Heart size is positively correlated with body weight. In the present study, we noted that the group treated with fenofibrate for 4 weeks lost a significant amount of body weight. We were concerned about whether fenofibrate suppressed heart size by reducing body weight. Therefore, we carefully analyzed heart M-mode echocardiograms, and we found that fenofibrate significantly reversed DOX-impaired fractional shortening (FS) %, and L-NAME abolished this effect as well as changes in heart size despite for the mice exhibiting similar decreases in body weight. Previous reports showed that alterations in myocardial energy metabolism induced by the anti-cancer drug doxorubicin. It is primarily associated with the increased production of reactive oxygen species (ROS), apoptosis of cardiac cells, mitochondrial damage, and impairment of cardiac energy metabolism45. In addition, it has been reported that fenofibrate reduced body weight by reducing serum triglyceride levels46,47. Therefore, we suggest that the energy production (especially in mitochondrial) of mice may be impaired after DOX administration. When Fenofibrate is administered after DOX administration, the energy production may be insufficient and the result of a significant weight loss will be observed. As this finding was reported with the long-term treatment of mice with fenofibrate, it was possibly related to the reduced body weight and improved heart function caused by treatment with fenofibrate and not due to the reduction in body weight. Taking all of the above findings together, we suggest that fenofibrate attenuated DOX-induced cardiotoxicity and concomitantly reduced body weight.

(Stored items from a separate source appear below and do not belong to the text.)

(* Let $H=E+D$ and $K=E'+D'$ be closed additive subgroups of $\mathbb{R}^{n}$ (with decompositions as in the context) and let $f:H\to K$ be a homomorphism of closed additive groups. (i) If $f$ is injective, then $f:H\to f(H)$ is an isomorphism of closed additive groups. (ii) If $f$ is surjective and $F$ is a closed additive subgroup which is a supplement of $\mathrm{Ker}(f)$ in $H$ with defect $0$, then the restriction $f_{|F}:F\to K$ is an isomorphism of closed additive groups; moreover $\Re(\widetilde{\mathrm{dim}}(K))=\Re(\widetilde{\mathrm{dim}}(H))-\Re(\widetilde{\mathrm{dim}}(\mathrm{Ker}(f)))$.
   Context: Every closed additive subgroup $G$ of $\mathbb{R}^n$ can be written $G=E+D$ with $E$ a vector subspace and $D$ a discrete additive subgroup with $E\cap\mathrm{vect}(D)=\{0\}$ ($\mathrm{vect}$ = real span). For closed subgroups with such decompositions $G_1=E_1+D_1$, $G_2=E_2+D_2$, a map $g:G_1\to G_2$ is a homomorphism of closed additive groups if there are a linear map $g_1:E_1\to E_2$ and a group homomorphism $g_2:D_1\to D_2$ with $g(\lambda x+py)=\lambda g_1(x)+pg_2(y)$ for all $\lambda\in\mathbb{R}$, $p\in\mathbb{Z}$, $x\in E_1$, $y\in D_1$; it is an isomorphism of closed additive groups if it is invertible (with inverse of the same kind). Complex dimension: for an additive subgroup $G$, $\widetilde{\mathrm{dim}}(G):=p+i(q-p)$ with $p=\max\{\dim V: V\text{ a vector subspace},\ V\subset G\}$, $q=\dim\mathrm{vect}(G)$. A subgroup $F\subset H$ is a supplement of $\mathrm{Ker}(f)$ in $H$ with defect $0$ if $F+\mathrm{Ker}(f)=H$, $\Re(\widetilde{\mathrm{dim}}(F\cap\mathrm{Ker}(f)))=0$ and $\Im(\widetilde{\mathrm{dim}}(F\cap\mathrm{Ker}(f)))=0$. *)

theory Defs
  imports "HOL-Analysis.Analysis"
begin

definition add_subgroup :: "'a::real_vector set \<Rightarrow> bool" where
  "add_subgroup G \<longleftrightarrow> 0 \<in> G \<and> (\<forall>x\<in>G. \<forall>y\<in>G. x + y \<in> G) \<and> (\<forall>x\<in>G. - x \<in> G)"

definition closed_add_subgroup :: "'a::real_normed_vector set \<Rightarrow> bool" where
  "closed_add_subgroup G \<longleftrightarrow> closed G \<and> add_subgroup G"

definition dsum :: "'a::real_vector set \<Rightarrow> 'a set \<Rightarrow> 'a set" where
  "dsum E D = {x + y | x y. x \<in> E \<and> y \<in> D}"

definition closed_decomp :: "'a::euclidean_space set \<Rightarrow> 'a set \<Rightarrow> 'a set \<Rightarrow> bool" where
  "closed_decomp G E D \<longleftrightarrow> subspace E \<and> add_subgroup D \<and> discrete D
     \<and> E \<inter> span D = {0} \<and> G = dsum E D"

definition closed_hom :: "'a::euclidean_space set \<Rightarrow> 'a set \<Rightarrow> 'a set \<Rightarrow> 'a set \<Rightarrow> ('a \<Rightarrow> 'a) \<Rightarrow> bool" where
  "closed_hom E1 D1 E2 D2 g \<longleftrightarrow> (\<exists>g1 g2.
      (\<forall>x\<in>E1. g1 x \<in> E2)
    \<and> (\<forall>x\<in>E1. \<forall>y\<in>E1. \<forall>c::real. g1 (x + y) = g1 x + g1 y \<and> g1 (c *\<^sub>R x) = c *\<^sub>R g1 x)
    \<and> (\<forall>y\<in>D1. g2 y \<in> D2)
    \<and> (\<forall>y\<in>D1. \<forall>z\<in>D1. g2 (y + z) = g2 y + g2 z)
    \<and> (\<forall>(c::real) x (p::int) y. x \<in> E1 \<longrightarrow> y \<in> D1 \<longrightarrow>
          g (c *\<^sub>R x + of_int p *\<^sub>R y) = c *\<^sub>R g1 x + of_int p *\<^sub>R g2 y))"

definition closed_iso :: "'a::euclidean_space set \<Rightarrow> 'a set \<Rightarrow> 'a set \<Rightarrow> 'a set \<Rightarrow> ('a \<Rightarrow> 'a) \<Rightarrow> bool" where
  "closed_iso E1 D1 E2 D2 g \<longleftrightarrow> closed_hom E1 D1 E2 D2 g \<and>
     (\<exists>h. closed_hom E2 D2 E1 D1 h \<and> (\<forall>x\<in>dsum E1 D1. h (g x) = x)
          \<and> (\<forall>y\<in>dsum E2 D2. g (h y) = y))"

definition cdim :: "'a::euclidean_space set \<Rightarrow> complex" where
  "cdim G = (let p = Max {dim V | V. subspace V \<and> V \<subseteq> G}; q = dim (span G)
             in Complex (real p) (real q - real p))"

definition kernel_on :: "'a set \<Rightarrow> ('a \<Rightarrow> 'b::zero) \<Rightarrow> 'a set" where
  "kernel_on H f = {x \<in> H. f x = 0}"

definition supplement_defect0 :: "'a::euclidean_space set \<Rightarrow> 'a set \<Rightarrow> 'a set \<Rightarrow> bool" where
  "supplement_defect0 F N H \<longleftrightarrow> F \<subseteq> H \<and> dsum F N = H
     \<and> Re (cdim (F \<inter> N)) = 0 \<and> Im (cdim (F \<inter> N)) = 0"

end

theory Submission
  imports Defs
begin

text \<open>
  The two components of a homomorphism of closed groups \<open>E + D \<rightarrow> E' + D'\<close> are just the
  restrictions of \<open>f\<close> to \<open>E\<close> and to \<open>D\<close>, so \<open>f\<close> is an additive map that is linear on \<open>E\<close>.
  For (i), \<open>f(H) = f(E) + f(D)\<close> is again such a decomposition, because \<open>f(D) \<subseteq> D'\<close> is discrete and
  \<open>f(E) \<inter> span f(D) \<subseteq> E' \<inter> span D' = 0\<close>; the inverse map inherits both components.

  For (ii), defect 0 means \<open>F \<inter> ker f = 0\<close>, so \<open>f\<close> restricts to a bijection \<open>F \<rightarrow> K\<close>, and the
  decomposition of \<open>K\<close> is pulled back to \<open>F = (F \<inter> f\<^sup>-\<^sup>1 E') + (F \<inter> f\<^sup>-\<^sup>1 D')\<close>. An element of the
  first summand is divisible within \<open>F \<subseteq> E + D\<close>, and small elements of \<open>E + D\<close> lie in \<open>E\<close>, so the
  summand lies in \<open>E\<close>; closedness of \<open>F\<close> then makes it a vector space. The real part of the
  complex dimension of \<open>E + D\<close> is \<open>dim E\<close>, and \<open>E = (F \<inter> f\<^sup>-\<^sup>1 E') \<oplus> (E \<inter> ker f)\<close> with the first
  summand mapped isomorphically onto \<open>E'\<close>, which gives the dimension formula.
\<close>

section \<open>Additive subgroups and additive maps\<close>

definition additive_on :: "'a::ab_group_add set \<Rightarrow> ('a \<Rightarrow> 'b::ab_group_add) \<Rightarrow> bool" where
  "additive_on S g \<longleftrightarrow> (\<forall>x\<in>S. \<forall>y\<in>S. g (x + y) = g x + g y)"

lemma add_subgroup_0: "add_subgroup G \<Longrightarrow> 0 \<in> G"
  unfolding add_subgroup_def by blast

lemma add_subgroup_add: "add_subgroup G \<Longrightarrow> x \<in> G \<Longrightarrow> y \<in> G \<Longrightarrow> x + y \<in> G"
  unfolding add_subgroup_def by blast

lemma add_subgroup_uminus: "add_subgroup G \<Longrightarrow> x \<in> G \<Longrightarrow> - x \<in> G"
  unfolding add_subgroup_def by blast

lemma add_subgroup_diff: "add_subgroup G \<Longrightarrow> x \<in> G \<Longrightarrow> y \<in> G \<Longrightarrow> x - y \<in> G"
  using add_subgroup_add add_subgroup_uminus by (metis diff_conv_add_uminus)

lemma subspace_imp_add_subgroup: "subspace S \<Longrightarrow> add_subgroup S"
  unfolding add_subgroup_def by (simp add: subspace_0 subspace_add subspace_neg)

lemma add_subgroup_scaleR_nat:
  assumes "add_subgroup G" "x \<in> G" shows "of_nat n *\<^sub>R x \<in> G"
proof (induction n)
  case (Suc n)
  then show ?case using add_subgroup_add[OF assms(1) assms(2)] by (simp add: scaleR_left_distrib)
qed (use add_subgroup_0[OF assms(1)] in simp)

lemma add_subgroup_scaleR_int:
  assumes "add_subgroup G" "x \<in> G" shows "of_int p *\<^sub>R x \<in> G"
proof (cases p rule: int_cases)
  case (neg n)
  then show ?thesis
    using add_subgroup_uminus[OF assms(1) add_subgroup_scaleR_nat[OF assms, of "Suc n"]]
    by (simp only: of_int_minus of_int_of_nat_eq scaleR_minus_left)
qed (use add_subgroup_scaleR_nat[OF assms] in simp)

lemma additive_on_subset: "additive_on T g \<Longrightarrow> S \<subseteq> T \<Longrightarrow> additive_on S g"
  unfolding additive_on_def by blast

lemma additive_on_0:
  assumes "add_subgroup G" "additive_on G g" shows "g 0 = 0"
  using assms unfolding add_subgroup_def additive_on_def by (metis add_0 add_cancel_left_right)

lemma additive_on_diff:
  assumes "add_subgroup G" "additive_on G g" "x \<in> G" "y \<in> G"
  shows "g (x - y) = g x - g y"
proof -
  have "g (x - y) + g y = g x"
    using assms add_subgroup_diff[OF assms(1)] unfolding additive_on_def by (metis diff_add_cancel)
  then show ?thesis by (simp add: eq_diff_eq)
qed

lemma additive_on_uminus:
  assumes "add_subgroup G" "additive_on G g" "x \<in> G" shows "g (- x) = - g x"
  using additive_on_diff[OF assms(1,2) add_subgroup_0[OF assms(1)] assms(3)] additive_on_0[OF assms(1,2)]
  by simp

lemma add_subgroup_image:
  fixes g :: "'a::real_vector \<Rightarrow> 'b::real_vector"
  assumes G: "add_subgroup G" and g: "additive_on G g" shows "add_subgroup (g ` G)"
  unfolding add_subgroup_def
proof (intro conjI ballI)
  show "0 \<in> g ` G" using additive_on_0[OF G g] add_subgroup_0[OF G] by (metis image_eqI)
next
  fix x y assume "x \<in> g ` G" "y \<in> g ` G"
  then obtain a b where "a \<in> G" "b \<in> G" "x = g a" "y = g b" by blast
  moreover then have "a + b \<in> G" using add_subgroup_add[OF G] by blast
  ultimately show "x + y \<in> g ` G" using g unfolding additive_on_def by (metis image_eqI)
next
  fix x assume "x \<in> g ` G"
  then obtain a where "a \<in> G" "x = g a" by blast
  then show "- x \<in> g ` G"
    using additive_on_uminus[OF G g] add_subgroup_uminus[OF G] by (metis image_eqI)
qed

lemma add_subgroup_Int_vimage:
  fixes g :: "'a::real_vector \<Rightarrow> 'b::real_vector"
  assumes G: "add_subgroup G" and g: "additive_on G g" and B: "add_subgroup B"
  shows "add_subgroup (G \<inter> g -` B)"
  unfolding add_subgroup_def
proof (intro conjI ballI)
  show "0 \<in> G \<inter> g -` B" using add_subgroup_0[OF G] add_subgroup_0[OF B] additive_on_0[OF G g] by simp
next
  fix x y assume "x \<in> G \<inter> g -` B" "y \<in> G \<inter> g -` B"
  then show "x + y \<in> G \<inter> g -` B"
    using g add_subgroup_add[OF G] add_subgroup_add[OF B] unfolding additive_on_def by simp
next
  fix x assume "x \<in> G \<inter> g -` B"
  then show "- x \<in> G \<inter> g -` B"
    using additive_on_uminus[OF G g] add_subgroup_uminus[OF G] add_subgroup_uminus[OF B] by simp
qed

lemma additive_on_scaleR_nat:
  fixes g :: "'a::real_vector \<Rightarrow> 'b::real_vector"
  assumes "add_subgroup G" "additive_on G g" "x \<in> G"
  shows "g (of_nat n *\<^sub>R x) = of_nat n *\<^sub>R g x"
proof (induction n)
  case 0
  show ?case using additive_on_0[OF assms(1,2)] by simp
next
  case (Suc n)
  have "g (of_nat (Suc n) *\<^sub>R x) = g (of_nat n *\<^sub>R x) + g x"
    using assms add_subgroup_scaleR_nat[OF assms(1,3), of n]
    unfolding additive_on_def by (simp add: scaleR_left_distrib)
  then show ?case using Suc by (simp add: scaleR_left_distrib)
qed

lemma additive_on_scaleR_int:
  fixes g :: "'a::real_vector \<Rightarrow> 'b::real_vector"
  assumes "add_subgroup G" "additive_on G g" "x \<in> G"
  shows "g (of_int p *\<^sub>R x) = of_int p *\<^sub>R g x"
proof (cases p rule: int_cases)
  case (neg n)
  then have "g (of_int p *\<^sub>R x) = g (- (of_nat (Suc n) *\<^sub>R x))"
    by (simp only: of_int_minus of_int_of_nat_eq scaleR_minus_left)
  also have "\<dots> = - (of_nat (Suc n) *\<^sub>R g x)"
    using additive_on_uminus[OF assms(1,2) add_subgroup_scaleR_nat[OF assms(1,3), of "Suc n"]]
      additive_on_scaleR_nat[OF assms, of "Suc n"] by (simp only:)
  finally show ?thesis using neg by (simp only: of_int_minus of_int_of_nat_eq scaleR_minus_left)
qed (use additive_on_scaleR_nat[OF assms] in simp)

lemma additive_on_inj_on_iff:
  assumes "add_subgroup G" "additive_on G g"
  shows "inj_on g G \<longleftrightarrow> (\<forall>x\<in>G. g x = 0 \<longrightarrow> x = 0)"
  using additive_on_diff[OF assms] additive_on_0[OF assms] add_subgroup_diff[OF assms(1)] assms(1)
  unfolding inj_on_def add_subgroup_def by (metis eq_iff_diff_eq_0)

lemma closed_add_subgroup_divisible_imp_scaleR:
  fixes F :: "'a::real_normed_vector set"
  assumes F: "closed_add_subgroup F" and "z \<in> F"
    and div: "\<And>m::nat. m > 0 \<Longrightarrow> (1 / real m) *\<^sub>R z \<in> F"
  shows "c *\<^sub>R z \<in> F"
proof -
  have G: "add_subgroup F" and "closed F" using F unfolding closed_add_subgroup_def by auto
  have "t *\<^sub>R z \<in> F" if tQ: "t \<in> \<rat>" for t
  proof -
    obtain p q :: int where "q > 0" "t = of_int p / of_int q" using Rats_cases'[OF tQ] by metis
    then obtain m :: nat where "m > 0" "t = of_int p / of_nat m" by (metis of_int_of_nat_eq pos_int_cases)
    then have "t *\<^sub>R z = of_int p *\<^sub>R ((1 / real m) *\<^sub>R z)" by simp
    then show ?thesis using add_subgroup_scaleR_int[OF G div[OF \<open>m > 0\<close>]] by (simp only:)
  qed
  moreover have "closed ((\<lambda>t. t *\<^sub>R z) -` F)"
    using \<open>closed F\<close> by (intro continuous_closed_vimage) (auto intro!: continuous_intros)
  ultimately have "closure \<rat> \<subseteq> (\<lambda>t. t *\<^sub>R z) -` F" by (intro closure_minimal) auto
  then show ?thesis by (simp add: Rats_closure_real subset_eq)
qed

There were two limitations to this study. First, we could not rule out the involvement of the AMPK activation pathway in the protective effects of fenofibrate. Although adiponectin levels did not change significantly under fenofibrate treatment, fenofibrate activates eNOS by activating the AMPK pathway48,49. Therefore, a fenofibrate-triggered increase in eNOS-mediated EPC function may be a possible mechanistic explanation for its protective effects in DOX-induced cardiotoxicity. A second limitation of this study was the lack of allogeneic EPCs to serve as control samples. For clinical applications, small molecular drugs are easily available, and we used a pharmacological strategy to activate EPC mobilization under DOX challenge. However, it is difficult to explain the real mechanism through which the activation of EPCs reversed DOX-induced cardiotoxicity. Therefore, the transplantation of EPCs to supplement the decreased EPC numbers in mice following treatment with DOX is a direct strategy to prove this hypothesis.

Conclusion

This study demonstrated the potent relevant efficacy of fenofibrate therapy in mice with DOX-induced cardiotoxicity. Fenofibrate restored the fractional shortening (FS)%, circulating EPCs, and VEGF levels altered following DOX treatment to those observed in control mice. As abnormalities in the heart function of mice with CV disease are highly related to MMPs, TNF-alpha, and pro-BNP, targeting EPC function is a significant therapeutic strategy. Together, these findings offer a new mechanism of action underlying clinically relevant responses to the use of fenofibrate in CV diseases.

Ethics approval and consent to participate

IACUC of Taipei Veterans General Hospital: approval No. 2018-009, and complied with the Guide for the Care and Use of Laboratory Animals.